Image: Replica of first transistor from Wikipedia

 

How has IBM research changed?

20111207-204420.jpg
IBM Neuromorphic Chip (from Wired story)

What does Watson, Neuromorphic chips and race track memory have in common. They have all emerged out of IBM research labs.

I have been wondering for some time now how it is that a company known for it’s cutting edge research but lack of product breakthrough has transformed itself into an innovation machine.

There has been a sea change in the research at IBM that is behind the recent productization of tecnology.

Talking the past couple of days with various IBMers at STGs Smarter Computing Forum, I have formulate a preliminary hypothesis.
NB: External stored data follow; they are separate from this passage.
lemma V_U_U_V_expand:
  assumes i: "i \<in> {1..n}" and j: "j \<in> {1..n}" and k: "k \<in> {1..n}" and l: "l \<in> {1..n}"
    and m: "m \<in> {1..n}" and "i \<noteq> j"
  shows "V i k (U j l (U m k (V m k x)))
    = (if m = i then sc (omega \<theta> i j * omega \<theta> l k) (V i k (U i k (U j l (V i k x)))) else 0)"
proof (cases "m = j")
  case True
  then have "U j l (U m k (V m k x)) = sc (omega \<theta> l k) (U j k (U j l (V m k x)))"
    using U_same_row_commute[OF j l k] by simp
  then show ?thesis
    using True \<open>i \<noteq> j\<close> V_U_orthogonal[OF i j k \<open>i \<noteq> j\<close>] by (simp add: V_sc[OF i k] sc_zero)
next
  case False
  then have "U j k (V m k x) = 0" by (simp add: U_V_orthogonal[OF m j k])
  from twisted_on_kernel[OF j m k l this] show ?thesis
    using V_U_orthogonal[OF i j k \<open>i \<noteq> j\<close>] V_U_orthogonal[OF i m k]
    by (simp add: linear_add[OF linear_V[OF i k]] V_sc[OF i k] sc_zero)
qed

lemma V_U_U_V_collapse:
  assumes i: "i \<in> {1..n}" and j: "j \<in> {1..n}" and k: "k \<in> {1..n}" and l: "l \<in> {1..n}"
    and m: "m \<in> {1..n}" and "i \<noteq> j"
  shows "V m k (U m k (U j l (V i k x)))
    = (if m = i then V i k (U i k (U j l (V i k x))) else 0)"
proof (cases "m = i")
  case False
  define y where "y = V i k x"
  have "U j k y = 0" "U m k y = 0"
    using U_V_orthogonal[OF i j k \<open>i \<noteq> j\<close>] U_V_orthogonal[OF i m k] False by (simp_all add: y_def)
  show ?thesis
  proof (cases "m = j")
    case True
    then have "U m k (U j l y) = 0"
      using U_same_row_commute[OF j k l] \<open>U j k y = 0\<close> by (simp add: U_zero[OF j l] sc_zero)
    then show ?thesis
      using False by (simp add: y_def linear_0[OF linear_V[OF m k]])
  next
    case False
    from twisted_on_common_kernel[OF j m k l \<open>U j k y = 0\<close> \<open>U m k y = 0\<close>] show ?thesis
      using False \<open>m \<noteq> i\<close>
      by (simp add: y_def linear_neg[OF linear_V[OF m k]] V_sc[OF m k] V_U_orthogonal[OF m j k] sc_zero)
  qed
qed simp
At first I heard that there was a change in the way research is reviewed for product potential. Nowadays, it almost takes a business case for research projects to be approved and funded. And the business case needs to contain a plan as to how it will eventually reach profitability for any project.

In the past it was often said that IBM invented a lot of technology but productized only a little of it. Much of their technology would emerge in other peoples products and IBM would not recieve anything for their efforts (other than some belated recognition for their research contribution).

Nowadays, its more likely that research not productized by IBM is at least licensed from them after they have patented the crucial technologies that underpin the advance. But it’s just as likely if it has something to do with IT, the project will end up as a product.

One executive at STG sees three phases to IBM research spanning the last 50 years or so.

Phase I The ivory tower:

IBM research during the Ivory Tower Era looked a lot like research universities but without the tenure of true professorships. Much of the research of this era was in materials and pure mathematics.

I suppose one example of this period was Mandlebrot and fractals. It probably had a lot of applications but little of them ended up in IBM products and mostly it advanced the theory and practice of pure mathematics/systems science.

Such research had little to do with the problems of IT or IBM’s customers. The fact that it created pretty pictures and a way of seeing nature in a different light was an advance to mankind but it didn’t have much if any of an impact to IBM’s bottom line.

Phase II Joint project teams

In IBM research’s phase II, the decision process on which research to move forward on now had people from not just IBM research but also product division people. At least now there could be a discussion across IBM’s various divisions on how the technology could enhance customer outcomes. I am certain profitability wasn’t often discussed but at least it was no longer purposefully ignored.

I suppose over time these discussions became more grounded in fact and business cases rather than just the belief in the value of the research for research sake. Technological roadmaps and projects were now looked at from how well they could impact customer outcomes and how such technology enabled new products and solutions to come to market.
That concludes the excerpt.